Almost inevitably, I got sick. I’m still not sure if it was actually COVID-19, but my doctor seemed to think I had enough symptoms to warrant a two week self-quarantine period. I was sick, definitely. My chest constantly felt like Thor had just dropped his hammer on it and left it there. I had days long migraines, fever, a severe lack of energy that made standing for longer than 30 seconds exhausting and a slight cough. 

So don’t you dare tell me essential workers aren’t worth anything. Grocery employees, restaurant employees, delivery drivers and health care workers are going to work every day so that you don’t have to step into this mess. I didn’t go anywhere other than Target and Meijer for weeks and still got sick. Health care workers are catching the virus and dying. Delivery drivers are continuing to deliver your food or groceries so you don’t have to go out and risk catching the virus. 

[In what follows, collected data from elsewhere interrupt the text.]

lemma conv_power_shift_distance_lt_1:
  assumes w: "subprob_weights w"
    and aperiodic: "\<And>d a. d \<ge> 2 \<Longrightarrow> \<exists>n. w n > 0 \<and> \<not> d dvd (n - a)"
  shows "\<exists>L::nat. L \<ge> 1 \<and>
    (let P = conv_power (\<lambda>n. complex_of_real (w n)) L in
      (\<lambda>n. cmod (P n - P (n + 1))) summable_on (UNIV :: int set) \<and>
      (1/2) * (\<Sum>\<^sub>\<infinity>n\<in>(UNIV :: int set). cmod (P n - P (n + 1))) < 1)"
proof -
  obtain L n0 where n0: "n0 \<in> sumset_power {n. w n > 0} L" "n0 + 1 \<in> sumset_power {n. w n > 0} L"
    using consecutive_in_sumset_power[of "{n. w n > 0}"] aperiodic by auto
  then have "L \<ge> 1" by (cases L) auto
  define q where "q = real_conv_power w L"
  have "(\<lambda>n. \<bar>q n - q (n + 1)\<bar>) summable_on UNIV \<and> (\<Sum>\<^sub>\<infinity>n. \<bar>q n - q (n + 1)\<bar>) < 2"
    unfolding q_def using w n0
    by (intro subprob_weights_shift_distance_lt_2 subprob_weights_real_conv_power real_conv_power_pos)
  then show ?thesis
    using \<open>L \<ge> 1\<close>
    by (intro exI[of _ L]) (simp add: Let_def conv_power_of_real[OF w] q_def flip: of_real_diff)
qed

theorem mainTheorem7:
  fixes \<mu> :: "real measure" and \<tau> :: real
  assumes "prob_space \<mu>"
    and "sets \<mu> = sets borel"
    and "\<tau> > 0"
    and "\<tau> = Inf {t. t > 0 \<and> cmod (overlap \<mu> t) = 1}"
    and "overlap \<mu> \<tau> = 1"
    and "\<exists>c. AE E in \<mu>. c \<le> E"
  shows "\<exists>L::nat. L \<ge> 1 \<and>
    (let P = conv_power (energy_dist \<mu> \<tau>) L in
      (\<lambda>n. cmod (P n - P (n + 1))) summable_on (UNIV :: int set) \<and>
      (1/2) * (\<Sum>\<^sub>\<infinity>n\<in>(UNIV :: int set). cmod (P n - P (n + 1))) < 1)"
proof -
  have "\<tau> \<noteq> 0" using assms(3) by simp
  have lattice: "AE E in \<mu>. \<exists>m::int. E * \<tau> = 2 * pi * m"
    using overlap_eq_1_imp_AE_lattice[OF assms(1,2,5)] .
  define w where "w n = measure \<mu> {2 * pi * of_int n / \<tau>}" for n
  have "energy_dist \<mu> \<tau> = (\<lambda>n. complex_of_real (w n))"
    using energy_dist_eq_measure_lattice_point[OF assms(1,2) \<open>\<tau> \<noteq> 0\<close> lattice]
    by (simp add: w_def fun_eq_iff)
  moreover have "subprob_weights w"
    unfolding w_def using assms(1,2) \<open>\<tau> \<noteq> 0\<close>
    by (intro subprob_weights_measure_singleton) (auto simp: inj_def)
  moreover have "\<exists>n. w n > 0 \<and> \<not> d dvd (n - a)" if "d \<ge> 2" for d a
    using minimal_period_support_not_in_coset[OF assms(1-4) lattice that] by (simp add: w_def)
  ultimately show ?thesis
    using conv_power_shift_distance_lt_1 by simp
qed

end
lemma op_norm_le_entries_bounded:
  assumes M: "M \<in> carrier_mat r c" and bounded: "entries_bounded M B" and B: "0 \<le> B"
  shows "op_norm M \<le> real r * real c * B"
  unfolding op_norm_def
proof (rule cSup_least)
  have "0\<^sub>v c \<bullet> 0\<^sub>v c \<le> (1::real)" by (simp add: scalar_prod_def)
  moreover have "0\<^sub>v c \<in> carrier_vec (dim_col M)" using M by simp
  ultimately show "{sqrt ((M *\<^sub>v x) \<bullet> (M *\<^sub>v x)) |x. x \<in> carrier_vec (dim_col M) \<and> x \<bullet> x \<le> 1} \<noteq> {}"
    by blast
next
  fix y assume "y \<in> {sqrt ((M *\<^sub>v x) \<bullet> (M *\<^sub>v x)) |x. x \<in> carrier_vec (dim_col M) \<and> x \<bullet> x \<le> 1}"
  then obtain x :: "real vec" where y: "y = sqrt ((M *\<^sub>v x) \<bullet> (M *\<^sub>v x))"
    and x: "x \<in> carrier_vec c" and unit: "x \<bullet> x \<le> 1"
    using M by auto
  have "(M *\<^sub>v x) \<bullet> (M *\<^sub>v x) = (\<Sum>i\<in>{0..<r}. ((M *\<^sub>v x) $ i)\<^sup>2)"
    using M by (simp add: scalar_prod_def power2_eq_square)
  also have "\<dots> \<le> (\<Sum>i\<in>{0..<r}. (real c * B)\<^sup>2)"
  proof (rule sum_mono)
    fix i assume "i \<in> {0..<r}"
    then have "\<bar>(M *\<^sub>v x) $ i\<bar>\<^sup>2 \<le> (real c * B)\<^sup>2"
      using abs_mult_mat_vec_index_le[OF M bounded B x abs_vec_index_le_one[OF x unit]]
      by (intro power_mono) auto
    then show "((M *\<^sub>v x) $ i)\<^sup>2 \<le> (real c * B)\<^sup>2" by simp
  qed
  also have "\<dots> = real r * (real c * B)\<^sup>2" by simp
  also have "\<dots> \<le> (real r * (real c * B))\<^sup>2"
  proof -
    have "real r \<le> (real r)\<^sup>2" by (cases r) (auto simp: power2_eq_square)
    then show ?thesis by (simp add: power_mult_distrib mult_right_mono)
  qed
  finally have "y \<le> real r * (real c * B)"
    using y B by (metis real_sqrt_le_iff real_sqrt_abs abs_of_nonneg mult_nonneg_nonneg of_nat_0_le_iff)
  then show "y \<le> real r * real c * B" by (simp add: mult.assoc)
qed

If you want to support your essential workers, tip your delivery drivers. Do not take out your anger and frustration on employees. Follow social distancing protocols (yes, I’m looking at you, person at the grocery store who stands way too close to me while I’m making sure I’m getting the right brand of mac and cheese for my customer). Only go out for the essentials. And if you can, use delivery services for your food and groceries. You’re limiting your exposure while supporting people who are relying on their delivery jobs to pay the bills right now. 

Christmas season madness and Kentuckians’ irrational fear of snow storms that never amount to more than a dusting could not have prepared me for the apocalyptic scenes I’ve witnessed in every major grocery store in the tri-state area the past couple months. Even after the initial panic, stores are still lacking inventory due to so much hoarding. Stop panic buying. Stop hoarding. Other people need food, toilet paper and cleaning supplies. People who have chronic illnesses need alcohol wipes and medicines more than the rest of us do right now.

 When you shop, be kind. When you order, be kind and leave a tip. We depend on it.